How to setup a highly-available Kubernetes cluster on Bare-Metal

Posted May 3, 2021

https://kubernetes.io/

By ChaseDDevelopment

11 min read

How to setup a highly-available Kubernetes cluster on Bare-Metal

Setting up Kubernetes in a highly-available configuration

This is a guide to provision a Highly Available Kubernetes Cluster (K8s) on v1.21

This is my Personal Homelab Kubernetes Cluster, and I've taken around 40 Bookmarked webpages and condensed them into one guide.

This Kubernetes cluster uses a Multi-Master stacked topology. I struggled for a few days to find all the steps that would work for one installation on bare metal and had to take some pieces from several places to get this to work the way it does. This cluster will be using Calico as its Container Network Interface.

Please don’t hesitate to raise any issues with the guide, I’ll update it, and try to help where I can!

Installation Guide

1. Provision 9-13 Ubuntu Server 20.04.1 (At the time of writing) virtual machines with an admin user called “kube” (optional, just personal preference)

2 Load Balancer Servers with minimum 4 cores, and 4GiB of RAM, 32 GiB Storage
3 Control Plane Servers with minimum 4 cores, and 4GiB of RAM, 32 GiB Storage
4 Worker Node Servers with minimum 4 cores, and 8GiB of RAM, 32GiB Storage
(Optional) 4 Storage Node Servers with minimum 4 cores, 8GiB of RAM, 100GiB Storage

These Values are just what works best in MY Homelab, and the resources I have available, you can modify them accordingly, just make sure they fall within Kubernetes minimum Requirements

The reason I say 9-13 Servers, is the extra 4 are Storage nodes. These nodes are set up with 100GiB each because I planned to use Longhorn as taught in TechnoTim’s Guides, so you can do this without the additional storage nodes, or use them as more worker nodes if you don’t plan on using storage nodes.

2. Setup an additional user on each Ubuntu Server with Sudo privileges (so that the machine can be managed by Ansible):

 sudo adduser serveradmin

Followed by:

  
sudo usermod -aG sudo serveradmin

3. Setup SSH Key based authentication, and copy the ID’s to each server

ssh-keygen #Run this on your Local Development Machine

Followed by:

  
ssh-copy-id {user}@{IP Address} # Do this for both kube & serveradmin

4. Install Ansible on your Local Machine:

  
sudo apt update
sudo apt install ansible
sudo apt install sshpass # This is needed if you are using password-based authentication.

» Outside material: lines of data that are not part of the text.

lemma Pos_Neg_disjoint: "Pos \<inter> Neg = {}"
proof (intro equals0I)
  fix b assume "b \<in> Pos \<inter> Neg"
  then obtain c d where b: "b \<in> Phi"
    and c: "b = (\<Sum>i<n. of_int (c i) *\<^sub>R alpha i)" "\<forall>i<n. c i \<ge> (0::int)"
    and d: "b = (\<Sum>i<n. of_int (d i) *\<^sub>R alpha i)" "\<forall>i<n. d i \<le> (0::int)"
    unfolding Pos_def Neg_def by blast
  have "c i = d i" if "i < n" for i
    using simple_coords_unique[of "\<lambda>i. of_int (c i)" "\<lambda>i. of_int (d i)", OF _ that] c d by simp
  then have "\<forall>i<n. c i = 0" using c(2) d(2) by (metis order_antisym)
  then show False using b c zero_not_root by simp
qed

lemma neg_Pos: "b \<in> Pos \<Longrightarrow> - b \<in> Neg" and neg_Neg: "b \<in> Neg \<Longrightarrow> - b \<in> Pos"
  unfolding Pos_def Neg_def
  by (force simp: sum_negf neg_root intro!: exI[of _ "\<lambda>i. - _ i"])+

lemma simple_Pos: "i < n \<Longrightarrow> alpha i \<in> Pos"
proof -
  assume i: "i < n"
  have "(\<Sum>j<n. of_int (if j = i then 1 else 0) *\<^sub>R alpha j) = (\<Sum>j<n. if j = i then alpha j else 0)"
    by (rule sum.cong) auto
  then have "alpha i = (\<Sum>j<n. of_int (if j = i then 1 else 0) *\<^sub>R alpha j)" using i by simp
  then show ?thesis using simple_root[OF i] unfolding Pos_def
    by (intro CollectI conjI exI[of _ "\<lambda>j. if j = i then 1 else 0"]) auto
qed

lemma Pos_of_positive_coord:
  assumes b: "b \<in> Phi" and c: "b = (\<Sum>j<n. of_int (c j) *\<^sub>R alpha j)" and j: "j < n" "c j > 0"
  shows "b \<in> Pos"
proof -
  obtain d where d: "b = (\<Sum>j<n. of_int (d j) *\<^sub>R alpha j)" "(\<forall>j<n. d j \<ge> 0) \<or> (\<forall>j<n. d j \<le> 0)"
    using root_decomp[OF b] by blast
  have "d j = c j" using simple_coords_unique[of "\<lambda>j. of_int (d j)" "\<lambda>j. of_int (c j)"] c d j by simp
  then have "\<forall>j<n. d j \<ge> 0" using d(2) j by force
  then show ?thesis using b d(1) unfolding Pos_def by blast
qed
lemma f_divergence_mono:
  fixes f g f' g' f'' g'' :: "real \<Rightarrow> real"
  assumes p: "p \<in> Gamma n" and q: "q \<in> Gamma n"
    and ratio: "\<And>i. i < n \<Longrightarrow> r \<le> p i / q i \<and> p i / q i \<le> R"
    and f_deriv: "\<And>x. x \<in> {r..R} \<Longrightarrow> (f has_real_derivative f' x) (at x)"
    and f_deriv2: "\<And>x. x \<in> {r..R} \<Longrightarrow> (f' has_real_derivative f'' x) (at x)"
    and g_deriv: "\<And>x. x \<in> {r..R} \<Longrightarrow> (g has_real_derivative g' x) (at x)"
    and g_deriv2: "\<And>x. x \<in> {r..R} \<Longrightarrow> (g' has_real_derivative g'' x) (at x)"
    and deriv2_le: "\<And>x. x \<in> {r..R} \<Longrightarrow> f'' x \<le> g'' x"
    and "f 1 = g 1"
  shows "f_divergence f n p q \<le> f_divergence g n p q"
proof -
  define c where "c = g' 1 - f' 1"
  have one: "1 \<in> {r..R}"
    using ratio_bounds_enclose_one[OF p q ratio] by simp
  have tangent: "c * (x - 1) \<le> g x - f x" if "x \<in> {r..R}" for x
    using f''_imp_f'[of "{r..R}" "\<lambda>x. g x - f x" "\<lambda>x. g' x - f' x" "\<lambda>x. g'' x - f'' x" 1 x]
      f_deriv f_deriv2 g_deriv g_deriv2 deriv2_le one that \<open>f 1 = g 1\<close>
    by (auto simp: c_def intro!: DERIV_diff)
  have q_pos: "0 < q i" if "i < n" for i
    using q that by (simp add: Gamma_def)
  have "0 = (\<Sum>i<n. c * (p i - q i))"
    using p q by (simp add: Gamma_def sum_subtractf flip: sum_distrib_left)
  also have "\<dots> = (\<Sum>i<n. q i * (c * (p i / q i - 1)))"
    by (intro sum.cong) (auto simp: field_simps dest: q_pos)
  also have "\<dots> \<le> (\<Sum>i<n. q i * (g (p i / q i) - f (p i / q i)))"
    using ratio tangent by (intro sum_mono mult_left_mono) (auto dest: q_pos)
  finally show ?thesis
    by (simp add: f_divergence_def right_diff_distrib sum_subtractf)
qed

definition phi :: "real \<Rightarrow> real \<Rightarrow> real" where
  "phi t x = (if t = 0 then - ln x else if t = 1 then x * ln x else (x powr t - 1) / (t * (t - 1)))"

definition phi' :: "real \<Rightarrow> real \<Rightarrow> real" where
  "phi' t x = (if t = 1 then ln x + 1 else x powr (t - 1) / (t - 1))"

definition psi :: "real \<Rightarrow> real \<Rightarrow> real" where
  "psi s x = (if s = 0 then x * ln (2 * x / (x + 1))
     else if s = 1 then (x + 1) / 2 * ln ((x + 1) / (2 * x))
     else (x * ((x + 1) / (2 * x)) powr s - 1) / (s * (s - 1)))"

definition psi' :: "real \<Rightarrow> real \<Rightarrow> real" where
  "psi' s x = (if s = 0 then ln (2 * x / (x + 1)) + 1 / (x + 1)
     else if s = 1 then ln ((x + 1) / (2 * x)) / 2 - 1 / (2 * x)
     else ((x + 1) / (2 * x)) powr (s - 1) * (x + 1 - s) / (2 * x * s * (s - 1)))"

lemma phi_one [simp]: "phi t 1 = 0"
  by (simp add: phi_def)

lemma psi_one [simp]: "psi s 1 = 0"
  by (simp add: psi_def)

lemma phi_perspective:
  assumes "0 < a" "0 < b"
  shows "b * phi t (a / b) = (if t = 0 then b * ln (b / a) else if t = 1 then a * ln (a / b)
    else (a powr t * b powr (1 - t) - b) / (t * (t - 1)))"
  using assms by (auto simp: phi_def ln_div powr_divide powr_diff field_simps)

lemma psi_perspective:
  assumes "0 < a" "0 < b"
  shows "b * psi s (a / b) = (if s = 0 then a * ln (2 * a / (a + b))
    else if s = 1 then (a + b) / 2 * ln ((a + b) / (2 * a))
    else (a * ((a + b) / (2 * a)) powr s - b) / (s * (s - 1)))"
proof -
  have ratio_eqs: "2 * (a / b) / (a / b + 1) = 2 * a / (a + b)"
    "(a / b + 1) / (2 * (a / b)) = (a + b) / (2 * a)"
    using assms by (simp_all add: field_simps)
  show ?thesis
    unfolding psi_def ratio_eqs using assms by (auto simp: field_simps)
qed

Ansible Galaxy Community General

ansible-galaxy collection install community.general

Ansible Galaxy Gantsign.OhMyZsh

ansible-galaxy install gantsign.oh-my-zsh

5. Provision the 13 Servers using Ansible using TechnoTim’s Ansible Files. The host file `kuber` has all my Kubernetes hosts. TechnoTim Ansible

  
ansible-playbook ~/ansible/playbooks/apt.yml --user serveradmin --ask-become-pass -i ~/ansible/inventory/kuber
ansible-playbook ~/ansible/playbooks/apt-dist.yml --user serveradmin --ask-become-pass -i ~/ansible/inventory/kuber
ansible-playbook ~/ansible/playbooks/qemu-guest-agent.yml --user serveradmin --ask-become-pass -i ~/ansible/inventory/kuber
ansible-playbook ~/ansible/playbooks/timezone.yml --user serveradmin --ask-become-pass -i ~/ansible/inventory/kuber
ansible-playbook ~/ansible/playbooks/zsh.yml --user serveradmin --ask-become-pass -i ~/ansible/inventory/kuber
ansible-playbook ~/ansible/playbooks/oh-my-zsh.yml --user serveradmin --ask-become-pass -i ~/ansible/inventory/kuber # also do this for kube user if desired
ansible-playbook ~/ansible/playbooks/resize-lvm.yml --user serveradmin --ask-become-pass -i ~/ansible/inventory/kuber

This should provision all the Ubuntu Servers and have them prepped for a Kubernetes cluster installation

6. Install Kubectl on your local dev machine: Install Kubernetes Tools

7. Create the highly-available load-balancer with a virtual IP address for access to the Kubernetes API Server endpoint

SSH into both load balancer nodes, and install keepalived and haproxy
1 sudo apt install keepalived haproxy

Access keepalived config at /etc/keepalived/keepalived.conf on both nodes. The API server port by default is 6443 Please check the notes below for information on the values.

  
global_defs {
    router_id LVS_DEVEL
}
vrrp_script check_apiserver {
  script "/etc/keepalived/check_apiserver.sh"
  interval 3
  weight -2
  fall 10
  rise 2
}

vrrp_instance ${VI_#} {
    state ${STATE} # value: MASTER
    interface ${INTERFACE} # value: ens18
    virtual_router_id ${ROUTER_ID} #value: 51
    priority ${PRIORITY} # value: 101
    authentication {
        auth_type PASS
        auth_pass ${AUTH_PASS} # value: {RandomPassword}
    }
    virtual_ipaddress {
        ${APISERVER_VIP} # value: 192.168.x.x
    }
    track_script {
        check_apiserver
    }
}

${VI_#} - This is the instance number. Change it on both load balancers. for simplicity, I made mine VI_1 on the “Master” and VI_2 on the “Backup”.
${STATE} - This value Will be MASTER on the first load balancer and BACKUP on the second load balancer.
${INTERFACE} - This is the physical network interface on the Ubuntu Server, change accordingly. Mine is ens18
${ROUTER_ID} - This is a random value, just make sure the value on the “Master” load balancer is lower. e.g. 51 and 52 on the “Backup”.
${PRIORITY} - This is a random value, just make the value on the “Master” load balancer is lower. e.g 101 and 200 on the “Backup”.
${AUTH_PASS} - This is a random password, use any generator and avoid special characters. This will be the same on both load balancers.
${APISERVER_VIP} - This is the virtual IP address that both load balancers will be sharing. Change it based on your local network and available addresses. Make sure this address is not within the DHCP server’s range.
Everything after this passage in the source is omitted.